If $\pi_0(X)=\pi_1(X)=0$ and $H_2(X)=0$ then is it true that $\pi_2(X)=0$?

Question

I'm reading about Hurewicz theorem and just wondered if it works this way. Stupid question, but I was thinking whether n-connectedness in the theorem means just that $\pi_i(X)=0$ for all $i=0,\dots,n$ or that in addition $\pi_{n+1}(X)$ must be non-trivial.

Thank you.

Answer 1

I don't think it's a stupid question. It's just a matter of getting the definitions straight. I looked it up and $n$-connected means the first $n$ homotopy groups are trivial. There is nothing about $\pi_{n+1}$.

So for example an $n$-sphere is $n-1$ connected. Of course, we know the unstable homotopy groups ($\pi_{n+k}\,,k\lt n+2$) can be nontrivial. Consider for instance the Hopf fibration. But not that they always are.

I guess to zero in on your question better, what about $\Bbb R^n$. All its homotopy groups are trivial, but it's pretty clear it's $n$-connected.

For your title question, $1$-connected implies $H_*:\pi_2 X\to H_2 X$ is an isomorphism. I see this got answered in the comments.

Answer 2

When we say "$X$ is an $n$-connected space" we mean $\pi_i(X) = 0$ for all $i \leq n$; in particular "$0$-connected" means path-connected and "$1$-connected" means simply-connected.

It's important to not mix this up with the definition of "$f\colon X \to Y$ is an $n$-connected function". A pointed function is $n$-connected if $\pi_i(f)$ is an isomorphism for $i < n$ and $\pi_{n}(f)$ is surjective; this is equivalent to requiring that the homotopy fiber $hofib(f)$ over the basepoint is an $(n-1)$-connected space as above, and you can see these are equivalent from the long exact sequence for a fibration. (Be cautious because there is a different convention where "$n$-connected function" means that the homotopy fiber is $n$-connected, I'm using the definition from nLab.)

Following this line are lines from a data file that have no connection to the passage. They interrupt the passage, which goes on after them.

lemma eq_fps_q_difference:
  assumes "\<bar>p\<bar> < 1"
  shows "eq_fps p C - fps_dilate p (eq_fps p C) = fps_X * fps_const C * eq_fps p C"
proof (rule fps_ext)
  fix n
  show "(eq_fps p C - fps_dilate p (eq_fps p C)) $ n = (fps_X * fps_const C * eq_fps p C) $ n"
  proof (cases n)
    case (Suc m)
    define x where "x = sc (of_real (1 / qpoch p p (Suc m)))"
    have "x - sc (of_real (p ^ Suc m)) * x = sc (of_real ((1 - p ^ Suc m) * (1 / qpoch p p (Suc m))))"
      by (simp only: x_def of_real_mult of_real_diff of_real_1 sc_mult sc_diff sc_1 left_diff_distrib mult_1_left)
    also have "(1 - p ^ Suc m) * (1 / qpoch p p (Suc m)) = 1 / qpoch p p m"
      using qpoch_nonzero[OF assms, of "Suc m"] by (simp add: qpoch_Suc)
    finally have coeff: "x - sc (of_real (p ^ Suc m)) * x = sc (of_real (1 / qpoch p p m))" .
    have "(eq_fps p C - fps_dilate p (eq_fps p C)) $ Suc m = (x - sc (of_real (p ^ Suc m)) * x) * C ^ Suc m"
      by (simp only: fps_sub_nth fps_dilate_nth eq_fps_nth x_def left_diff_distrib mult.assoc)
    also have "\<dots> = C * (sc (of_real (1 / qpoch p p m)) * C ^ m)"
      by (simp only: coeff) (simp add: sc_left_commute)
    finally show ?thesis
      using Suc by (simp add: eq_fps_nth mult.assoc)
  qed (simp add: sc_1)
qed

lemma fps_q_difference_zero:
  assumes "\<bar>p\<bar> < 1" and "D $ 0 = 0"
    and "D - fps_dilate p D = fps_X * fps_const C * D"
  shows "D = 0"
proof -
  have "D $ n = 0" for n
  proof (induction n)
    case (Suc m)
    have "sc (of_real (1 - p ^ Suc m)) * D $ Suc m = C * D $ m"
      using arg_cong[OF assms(3), of "\<lambda>f. f $ Suc m"]
      by (simp add: mult.assoc sc_diff sc_1 left_diff_distrib)
    with Suc have "sc (of_real (1 - p ^ Suc m)) * D $ Suc m = 0" by simp
    moreover have "complex_of_real (1 - p ^ Suc m) \<noteq> 0"
      using one_minus_power_nonzero[OF assms(1), of "Suc m"] by (simp only: of_real_eq_0_iff) simp
    ultimately show ?case by (rule sc_cancel[rotated])
  qed (rule assms(2))
  then show ?thesis by (simp add: fps_eq_iff)
qed

lemma eq_fps_unique:
  assumes "\<bar>p\<bar> < 1" and "G $ 0 = 1"
    and "G - fps_dilate p G = fps_X * fps_const C * G"
  shows "G = eq_fps p C"
proof -
  have difference: "G - eq_fps p C - fps_dilate p (G - eq_fps p C) = fps_X * fps_const C * (G - eq_fps p C)"
    using assms(3) eq_fps_q_difference[OF assms(1), of C]
    by (simp add: fps_dilate_diff right_diff_distrib algebra_simps)
  have "G - eq_fps p C = 0"
    by (rule fps_q_difference_zero[OF assms(1) _ difference]) (simp add: assms(2))
  then show ?thesis by simp
qed

lemma eq_fps_dilate:
  assumes "\<bar>p\<bar> < 1"
  shows "fps_dilate p (eq_fps p C) = eq_fps p C - fps_X * fps_const C * eq_fps p C"
  using eq_fps_q_difference[OF assms, of C] by (simp add: eq_diff_eq diff_eq_eq add.commute)

lemma eq_fps_twist:
  assumes "R * P = sc c * (P * R)"
  shows "fps_const R * eq_fps p P = eq_fps p (sc c * P) * fps_const R"
proof (rule fps_ext)
  fix n
  define x where "x = sc (of_real (1 / qpoch p p n))"
  have "R * (x * P ^ n) = x * (sc (c ^ n) * (P ^ n * R))"
    by (simp add: x_def sc_left_commute sc_twist_power[OF assms])
  also have "\<dots> = x * (sc c * P) ^ n * R"
    by (simp add: sc_mult_power mult.assoc)
  finally show "(fps_const R * eq_fps p P) $ n = (eq_fps p (sc c * P) * fps_const R) $ n"
    by (simp add: fps_const_mult_right eq_fps_nth x_def)
qed

lemma eq_fps_const_commute:
  "R * P = P * R \<Longrightarrow> fps_const R * eq_fps p P = eq_fps p P * fps_const R"
  using eq_fps_twist[of R P 1 p] by (simp add: sc_1)

lemma eq_fps_commute:
  assumes "C * D = D * C"
  shows "eq_fps p C * eq_fps p' D = eq_fps p' D * eq_fps p C"
proof (rule fps_mult_commute_coeffwise)
  fix i j
  have "C ^ i * D ^ j = D ^ j * C ^ i"
    by (metis assms power_commuting_commutes)
  then show "eq_fps p C $ i * eq_fps p' D $ j = eq_fps p' D $ j * eq_fps p C $ i"
    by (simp add: eq_fps_nth mult.assoc sc_left_commute) (metis mult.assoc sc_commute)
qed

lemma eq_fps_add_q_commuting:
  assumes p: "\<bar>p\<bar> < 1" and commutation: "Y * X = sc (of_real p) * (X * Y)"
  shows "eq_fps p (X + Y) = eq_fps p X * eq_fps p Y"
proof -
  let ?EX = "eq_fps p X" and ?EY = "eq_fps p Y"
  have twist: "fps_const Y * ?EX = fps_dilate p ?EX * fps_const Y"
    using eq_fps_twist[OF commutation] by (simp add: fps_dilate_eq_fps)
  have "fps_dilate p (?EX * ?EY) = fps_dilate p ?EX * (?EY - fps_X * fps_const Y * ?EY)"
    by (simp add: fps_dilate_mult eq_fps_dilate[OF p])
  also have "\<dots> = fps_dilate p ?EX * ?EY - fps_X * (fps_const Y * ?EX) * ?EY"
    by (simp add: right_diff_distrib twist mult.assoc)
      (metis fps_mult_fps_X_commute mult.assoc)
  also have "\<dots> = ?EX * ?EY - fps_X * fps_const (X + Y) * (?EX * ?EY)"
    by (simp add: eq_fps_dilate[OF p] algebra_simps del: fps_const_add flip: fps_const_add)
  finally have "?EX * ?EY - fps_dilate p (?EX * ?EY) = fps_X * fps_const (X + Y) * (?EX * ?EY)"
    by (simp add: algebra_simps)
  then show ?thesis
    by (intro eq_fps_unique[OF p, symmetric]) simp_all
qed

lemma eq_fps_base_square:
  assumes q: "\<bar>q\<bar> < 1"
  shows "eq_fps q C = eq_fps (q\<^sup>2) C * eq_fps (q\<^sup>2) (sc (of_real q) * C)"
proof -
  have p: "\<bar>q\<^sup>2\<bar> < 1"
    using q by (simp add: abs_square_less_1)
  let ?E1 = "eq_fps (q\<^sup>2) C" and ?E2 = "eq_fps (q\<^sup>2) (sc (of_real q) * C)"
  have C_commutes: "C * (sc (of_real q) * C) = sc (of_real q) * C * C"
    by (simp add: sc_left_commute mult.assoc)
  have "fps_dilate q ?E2 = fps_dilate (q\<^sup>2) ?E1"
    by (simp add: fps_dilate_eq_fps sc_sc power2_eq_square)
  also have "\<dots> = ?E1 - fps_X * fps_const C * ?E1"
    by (rule eq_fps_dilate[OF p])
  finally have dilate_E2: "fps_dilate q ?E2 = ?E1 - fps_X * fps_const C * ?E1" .
  have "fps_dilate q (?E1 * ?E2) = ?E2 * (?E1 - fps_X * fps_const C * ?E1)"
    by (simp only: fps_dilate_mult dilate_E2 fps_dilate_eq_fps[of q "q\<^sup>2" C])
  also have "\<dots> = ?E1 * ?E2 - fps_X * fps_const C * (?E1 * ?E2)"
  proof -
    have E_commute: "?E2 * ?E1 = ?E1 * ?E2"
      by (rule eq_fps_commute[OF C_commutes, symmetric])
    have "?E2 * (fps_X * fps_const C * ?E1) = fps_X * (?E2 * fps_const C) * ?E1"
      by (metis fps_mult_fps_X_commute mult.assoc)
    also have "?E2 * fps_const C = fps_const C * ?E2"
      by (rule eq_fps_const_commute[OF C_commutes, symmetric])
    finally show ?thesis
      by (simp only: right_diff_distrib E_commute mult.assoc)
  qed
  finally have "?E1 * ?E2 - fps_dilate q (?E1 * ?E2) = fps_X * fps_const C * (?E1 * ?E2)"
    by (simp add: algebra_simps)
  then show ?thesis
    by (intro eq_fps_unique[OF q, symmetric]) simp_all
qed

lemma q_commutation_consequences:
  assumes BA: "B * A = sc (of_real q) * (A * B)"
  shows "A * B * A\<^sup>2 = sc (of_real (q\<^sup>2)) * (A\<^sup>2 * (A * B))"
    and "B\<^sup>2 * (sc (of_real q) * (A * B)) = sc (of_real (q\<^sup>2)) * (sc (of_real q) * (A * B) * B\<^sup>2)"
    and "(sc (of_real q) * (A * B) + B\<^sup>2) * (A\<^sup>2 + A * B)
           = sc (of_real (q\<^sup>2)) * ((A\<^sup>2 + A * B) * (sc (of_real q) * (A * B) + B\<^sup>2))"
    and "(A + B)\<^sup>2 = (A\<^sup>2 + A * B) + (sc (of_real q) * (A * B) + B\<^sup>2)"
proof -
  have BAT: "B * (A * T) = sc (of_real q) * (A * (B * T))" for T
    by (metis BA mult.assoc sc_left_commute)
  note normalize = BA BAT power2_eq_square mult.assoc sc_left_commute sc_sc distrib_left distrib_right
  show "A * B * A\<^sup>2 = sc (of_real (q\<^sup>2)) * (A\<^sup>2 * (A * B))"
    by (simp add: normalize)
  show "B\<^sup>2 * (sc (of_real q) * (A * B)) = sc (of_real (q\<^sup>2)) * (sc (of_real q) * (A * B) * B\<^sup>2)"
    by (simp add: normalize)
  show "(sc (of_real q) * (A * B) + B\<^sup>2) * (A\<^sup>2 + A * B)
           = sc (of_real (q\<^sup>2)) * ((A\<^sup>2 + A * B) * (sc (of_real q) * (A * B) + B\<^sup>2))"
    by (simp add: normalize add_ac)
  show "(A + B)\<^sup>2 = (A\<^sup>2 + A * B) + (sc (of_real q) * (A * B) + B\<^sup>2)"
    by (simp add: normalize add_ac)
qed

theorem lemma1p1:
  fixes q :: real and A B :: linop
  assumes "\<bar>q\<bar> < 1"
    and "B * A = sc (complex_of_real q) * (A * B)"
  shows "eq_fps (q\<^sup>2) ((A + B)\<^sup>2) = eq_fps (q\<^sup>2) (A\<^sup>2) * eq_fps q (A * B) * eq_fps (q\<^sup>2) (B\<^sup>2)"
proof -
  have p: "\<bar>q\<^sup>2\<bar> < 1"
    using assms(1) by (simp add: abs_square_less_1)
  note relations = q_commutation_consequences[OF assms(2)]
  have "eq_fps (q\<^sup>2) (A\<^sup>2) * eq_fps q (A * B) * eq_fps (q\<^sup>2) (B\<^sup>2)
      = eq_fps (q\<^sup>2) (A\<^sup>2) * eq_fps (q\<^sup>2) (A * B)
        * (eq_fps (q\<^sup>2) (sc (of_real q) * (A * B)) * eq_fps (q\<^sup>2) (B\<^sup>2))"
    by (simp add: eq_fps_base_square[OF assms(1)] mult.assoc)
  also have "\<dots> = eq_fps (q\<^sup>2) (A\<^sup>2 + A * B) * eq_fps (q\<^sup>2) (sc (of_real q) * (A * B) + B\<^sup>2)"
    by (simp only: eq_fps_add_q_commuting[OF p] relations(1,2))
  also have "\<dots> = eq_fps (q\<^sup>2) ((A + B)\<^sup>2)"
    by (simp only: eq_fps_add_q_commuting[OF p] relations(3,4))
  finally show ?thesis ..
qed

end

It follows from the Hurewicz Theorem that if $X$ is simply-connected and $H_i(X) = 0$ for $i \leq n$ then in fact $X$ is $n$-connected: if there were a $1 < i < n$ such that $\pi_i(X) \neq 0$ then if $i_0$ is the least such $i$ then $H_{i_0}(X) \cong \pi_{i_0}(X) \neq 0$ by Hurewicz. In your particular case, you are correctly deducing that $\pi_2(X) = 0$.